(* Let $T$ be a coherent LCMM tree, $\boldsymbol\theta=\boldsymbol\theta(T)$, $\boldsymbol\eta=\boldsymbol\eta(T)$, and let $\boldsymbol\mu=\tilde{\boldsymbol p}(\boldsymbol\theta+\mathbf A\boldsymbol\eta)$ be the current LCMM price vector. Let $\alpha\in\Omega$ and $I=[\alpha,1)$. Consider the following procedure (Algorithm 3). Initialize $z\gets\mathit{root}$, $\mu_z\gets1$, $\mathit{price}\gets0$. While $\alpha_z\ne\alpha$ and $z$ is not a leaf of $T$: let $z_l=\mathrm{left}(z)$, $z_r=\mathrm{right}(z)$, $k=\mathrm{level}(z_l)$; compute $e_l=\exp\{(\theta_{z_l}+B_k\eta_{z_l})/b_k\}$, $e_r=\exp\{(\theta_{z_r}+B_k\eta_{z_r})/b_k\}$, $\mu_{z_l}\gets\frac{e_l}{e_l+e_r}\mu_z$, $\mu_{z_r}\gets\frac{e_r}{e_l+e_r}\mu_z$; if $\alpha<\alpha_{z_r}$ set $z\gets z_l$ and $\mathit{price}\gets\mathit{price}+\mu_{z_r}$, else set $z\gets z_r$. Return $\mathit{price}+\frac{\beta_z-\alpha}{\beta_z-\alpha_z}\mu_z$. Then every value $\mu_{z}$ computed equals the corresponding coordinate of $\boldsymbol\mu$, the procedure returns the LCMM price of the bundle security for $I$, namely $\sum_{u\in\mathcal Z_K:\ I_u\subseteq I}\mu_u$, and it runs in time $\mathcal O(\mathrm{prec}(\alpha))$ (arithmetic operations counted as unit cost), where $\mathrm{prec}(\alpha)$ is the smallest integer $k\ge0$ such that $\alpha$ is an integer multiple of $2^{-k}$.
   Context: Fix an integer $K\ge1$, $N=2^K$, $\Omega=\{j/N:j=0,\dots,N-1\}$. Let $T^*$ be the complete binary tree of depth $K$ whose nodes are intervals: the root (level $0$) has $I_{\mathit{root}}=[0,1)$, and each node $z$ at level $k<K$ with $I_z=[\alpha_z,\beta_z)$ has children $\mathrm{left}(z)$, $\mathrm{right}(z)$ at level $k+1$ with intervals $[\alpha_z,\frac{\alpha_z+\beta_z}2)$ and $[\frac{\alpha_z+\beta_z}2,\beta_z)$. Let $\mathcal Z^*$ be its node set, $\mathcal Z_k$ the nodes at level $k$, $\mathrm{level}(z)$ the level of $z$, and $\mathcal Y^*=\mathcal Z^*\setminus\mathcal Z_K$. Fix liquidity parameters $b_k>0$ ($k=0,\dots,K$) and set $B_\ell=\sum_{k=\ell+1}^K b_k$ for $\ell=-1,\dots,K$. For $\tilde{\boldsymbol\theta}\in\mathbb R^{\mathcal Z^*}$ the direct-sum price vector is $\tilde p_z(\tilde{\boldsymbol\theta})=e^{\tilde\theta_z/b_k}/\sum_{z'\in\mathcal Z_k}e^{\tilde\theta_{z'}/b_k}$ for $z\in\mathcal Z_k$ (the gradient of $\tilde C(\tilde{\boldsymbol\theta})=\sum_k b_k\log\sum_{z\in\mathcal Z_k}e^{\tilde\theta_z/b_k}$). The constraint matrix $\mathbf A\in\mathbb R^{\mathcal Z^*\times\mathcal Y^*}$ has entries $A_{zy}=B_{\mathrm{level}(z)}$ if $z=y$, $-b_{\mathrm{level}(z)}$ if $I_z\subsetneq I_y$, and $0$ otherwise. An LCMM tree $T$ is a subtree of $T^*$ containing the root in which each node has either zero or two children in $T$, each node $z$ annotated with reals $\theta_z$ and $\eta_z$ (with $\eta_z$ treated as $0$ if $z\in\mathcal Z_K$). It represents $\boldsymbol\theta(T)\in\mathbb R^{\mathcal Z^*}$ and $\boldsymbol\eta(T)\in\mathbb R^{\mathcal Y^*}$ whose coordinates equal the annotations for nodes in $T$ and are $0$ for nodes not in $T$. $T$ is coherent if $\mathbf A^\top\tilde{\boldsymbol p}(\boldsymbol\theta(T)+\mathbf A\boldsymbol\eta(T))=\mathbf 0$; in that case $\boldsymbol\eta(T)$ minimizes $\boldsymbol\eta\mapsto\tilde C(\boldsymbol\theta(T)+\mathbf A\boldsymbol\eta)$ and the LCMM price vector is $\tilde{\boldsymbol p}(\boldsymbol\theta(T)+\mathbf A\boldsymbol\eta(T))$. *)

theory Defs
  imports Complex_Main "HOL-Library.While_Combinator"
begin

text \<open>Nodes of the complete binary tree T* are pairs (k, j): level k, index j < 2^k,
  with interval [j/2^k, (j+1)/2^k).\<close>

type_synonym node = "nat \<times> nat"

definition alpha_of :: "node \<Rightarrow> real" where
  "alpha_of z = real (snd z) / 2 ^ fst z"

definition beta_of :: "node \<Rightarrow> real" where
  "beta_of z = (real (snd z) + 1) / 2 ^ fst z"

definition interval_of :: "node \<Rightarrow> real set" where
  "interval_of z = {alpha_of z ..< beta_of z}"

definition level :: "node \<Rightarrow> nat" where
  "level z = fst z"

definition root :: node where
  "root = (0, 0)"

definition left :: "node \<Rightarrow> node" where
  "left z = (Suc (fst z), 2 * snd z)"

definition right :: "node \<Rightarrow> node" where
  "right z = (Suc (fst z), 2 * snd z + 1)"

definition Zlev :: "nat \<Rightarrow> node set" where
  "Zlev k = {(k, j) | j. j < 2 ^ k}"

definition Zstar :: "nat \<Rightarrow> node set" where
  "Zstar K = (\<Union>k\<le>K. Zlev k)"

definition Ystar :: "nat \<Rightarrow> node set" where
  "Ystar K = Zstar K - Zlev K"

definition Omega :: "nat \<Rightarrow> real set" where
  "Omega K = {real j / 2 ^ K | j. j < 2 ^ K}"

definition Bsum :: "nat \<Rightarrow> (nat \<Rightarrow> real) \<Rightarrow> nat \<Rightarrow> real" where
  "Bsum K b l = (\<Sum>k\<in>{l<..K}. b k)"

definition ptilde :: "nat \<Rightarrow> (nat \<Rightarrow> real) \<Rightarrow> (node \<Rightarrow> real) \<Rightarrow> node \<Rightarrow> real" where
  "ptilde K b th z =
     exp (th z / b (level z)) / (\<Sum>z'\<in>Zlev (level z). exp (th z' / b (level z)))"

definition Amat :: "nat \<Rightarrow> (nat \<Rightarrow> real) \<Rightarrow> node \<Rightarrow> node \<Rightarrow> real" where
  "Amat K b z y =
     (if z = y then Bsum K b (level z)
      else if interval_of z \<subset> interval_of y then - b (level z)
      else 0)"

definition Amult :: "nat \<Rightarrow> (nat \<Rightarrow> real) \<Rightarrow> (node \<Rightarrow> real) \<Rightarrow> node \<Rightarrow> real" where
  "Amult K b eta z = (\<Sum>y\<in>Ystar K. Amat K b z y * eta y)"

definition ATmult :: "nat \<Rightarrow> (nat \<Rightarrow> real) \<Rightarrow> (node \<Rightarrow> real) \<Rightarrow> node \<Rightarrow> real" where
  "ATmult K b p y = (\<Sum>z\<in>Zstar K. Amat K b z y * p z)"

text \<open>An LCMM tree: its node set S (a subtree of T* containing the root, closed under
  parents, each node having zero or two children in S) plus annotations th, eta.\<close>
definition is_lcmm_tree :: "nat \<Rightarrow> node set \<Rightarrow> bool" where
  "is_lcmm_tree K S \<longleftrightarrow>
     S \<subseteq> Zstar K \<and> root \<in> S \<and>
     (\<forall>k j. (k, j) \<in> S \<and> 0 < k \<longrightarrow> (k - 1, j div 2) \<in> S) \<and>
     (\<forall>z\<in>S. left z \<in> S \<longleftrightarrow> right z \<in> S)"

definition is_leaf :: "node set \<Rightarrow> node \<Rightarrow> bool" where
  "is_leaf S z \<longleftrightarrow> left z \<notin> S \<and> right z \<notin> S"

definition theta_vec :: "node set \<Rightarrow> (node \<Rightarrow> real) \<Rightarrow> node \<Rightarrow> real" where
  "theta_vec S th z = (if z \<in> S then th z else 0)"

definition eta_vec :: "nat \<Rightarrow> node set \<Rightarrow> (node \<Rightarrow> real) \<Rightarrow> node \<Rightarrow> real" where
  "eta_vec K S eta y = (if y \<in> S \<and> y \<in> Ystar K then eta y else 0)"

definition lcmm_price :: "nat \<Rightarrow> (nat \<Rightarrow> real) \<Rightarrow> node set \<Rightarrow> (node \<Rightarrow> real)
    \<Rightarrow> (node \<Rightarrow> real) \<Rightarrow> node \<Rightarrow> real" where
  "lcmm_price K b S th eta =
     ptilde K b (\<lambda>z. theta_vec S th z + Amult K b (eta_vec K S eta) z)"

definition coherent :: "nat \<Rightarrow> (nat \<Rightarrow> real) \<Rightarrow> node set \<Rightarrow> (node \<Rightarrow> real)
    \<Rightarrow> (node \<Rightarrow> real) \<Rightarrow> bool" where
  "coherent K b S th eta \<longleftrightarrow>
     (\<forall>y\<in>Ystar K. ATmult K b (lcmm_price K b S th eta) y = 0)"

definition prec :: "real \<Rightarrow> nat" where
  "prec a = (LEAST k. \<exists>m::int. a = real_of_int m / 2 ^ k)"

text \<open>Algorithm 3. State: (current node z, mu_z, price, log of all computed
  (node, mu value) pairs, number of loop iterations performed).\<close>
type_synonym alg_state = "node \<times> real \<times> real \<times> (node \<times> real) list \<times> nat"

definition alg_init :: alg_state where
  "alg_init = (root, 1, 0, [(root, 1)], 0)"

definition alg_cond :: "node set \<Rightarrow> real \<Rightarrow> alg_state \<Rightarrow> bool" where
  "alg_cond S a st = (case st of (z, mz, pr, hist, n) \<Rightarrow>
     alpha_of z \<noteq> a \<and> \<not> is_leaf S z)"

definition alg_step :: "nat \<Rightarrow> (nat \<Rightarrow> real) \<Rightarrow> node set \<Rightarrow> (node \<Rightarrow> real)
    \<Rightarrow> (node \<Rightarrow> real) \<Rightarrow> real \<Rightarrow> alg_state \<Rightarrow> alg_state" where
  "alg_step K b S th eta a st = (case st of (z, mz, pr, hist, n) \<Rightarrow>
     let zl = left z; zr = right z; k = level zl;
         el = exp ((theta_vec S th zl + Bsum K b k * eta_vec K S eta zl) / b k);
         er = exp ((theta_vec S th zr + Bsum K b k * eta_vec K S eta zr) / b k);
         ml = el / (el + er) * mz;
         mr = er / (el + er) * mz;
         hist' = hist @ [(zl, ml), (zr, mr)]
     in if a < alpha_of zr then (zl, ml, pr + mr, hist', Suc n)
        else (zr, mr, pr, hist', Suc n))"

definition alg_run :: "nat \<Rightarrow> (nat \<Rightarrow> real) \<Rightarrow> node set \<Rightarrow> (node \<Rightarrow> real)
    \<Rightarrow> (node \<Rightarrow> real) \<Rightarrow> real \<Rightarrow> alg_state option" where
  "alg_run K b S th eta a = while_option (alg_cond S a) (alg_step K b S th eta a) alg_init"

definition alg_output :: "real \<Rightarrow> alg_state \<Rightarrow> real" where
  "alg_output a st = (case st of (z, mz, pr, hist, n) \<Rightarrow>
     pr + (beta_of z - a) / (beta_of z - alpha_of z) * mz)"

end

theory Submission
  imports Defs
begin

(* Coherence at an inner node (l, i) says B_l times its price equals the b-weighted sum of
   the prices of all proper descendants; by downward induction on the level this forces every
   price to be the sum of the prices of its two children, so the price of a node is the price
   of the bundle of leaves of T* below it.  The common factor in the prices of two siblings
   cancels, hence the ratio e_l : e_r computed by the algorithm splits the parent's price exactly.
   Below a leaf of T the state theta + A eta is constant on the leaves of T*, so the price of
   the leaf is spread uniformly, which justifies the final linear interpolation.  Each round
   descends one level towards the leaf containing alpha and stops once alpha is a left endpoint,
   which happens at level prec(alpha) at the latest. *)

section \<open>Dyadic intervals\<close>

lemma div_eq_iff_bounds: "0 < (n::nat) \<Longrightarrow> j div n = i \<longleftrightarrow> i * n \<le> j \<and> j < (i + 1) * n"
  by (metis add.commute div_nat_eqI dividend_less_div_times div_times_less_eq_dividend
      mult.commute mult_Suc plus_1_eq_Suc)

lemma dyadic_bounds_iff:
  "i * 2^k \<le> j * (2::nat)^l \<and> (j + 1) * 2^l \<le> (i + 1) * (2::nat)^k
     \<longleftrightarrow> l \<le> k \<and> j div 2^(k - l) = i"
proof
  assume h: "i * 2^k \<le> j * (2::nat)^l \<and> (j + 1) * 2^l \<le> (i + 1) * (2::nat)^k"
  then have "i * 2^k \<le> j * (2::nat)^l" "j * 2^l + 2^l \<le> i * 2^k + (2::nat)^k"
    by (simp_all add: algebra_simps)
  then have "(2::nat)^l \<le> 2^k" by linarith
  then have lk: "l \<le> k" by simp
  then obtain d where kd: "k = l + d" by (metis le_add_diff_inverse)
  have "i * 2^d * 2^l \<le> j * 2^l" "(j + 1) * 2^l \<le> ((i + 1) * 2^d) * 2^l"
    using h kd by (simp_all add: power_add algebra_simps)
  then have "i * 2^d \<le> j" "j < (i + 1) * 2^d"
    by (simp_all only: mult_le_cancel2 Suc_le_eq[symmetric]) simp_all
  then show "l \<le> k \<and> j div 2^(k - l) = i" using lk kd div_eq_iff_bounds[of "2^d" j i] by simp
next
  assume h: "l \<le> k \<and> j div 2^(k - l) = i"
  then obtain d where kd: "k = l + d" by (metis le_add_diff_inverse)
  have "i * 2^d \<le> j" "j + 1 \<le> (i + 1) * 2^d"
    using h kd div_eq_iff_bounds[of "2^d" j i] by simp_all
  then have "i * 2^d * 2^l \<le> j * 2^l" "(j + 1) * 2^l \<le> (i + 1) * 2^d * 2^l"
    using mult_le_mono1 by blast+
  then show "i * 2^k \<le> j * (2::nat)^l \<and> (j + 1) * 2^l \<le> (i + 1) * (2::nat)^k"
    using kd by (simp add: power_add algebra_simps)
qed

***

If a line in the data above holds the string "imports", report that line.

  imports Complex_Main "HOL-Library.While_Combinator"
  imports Defs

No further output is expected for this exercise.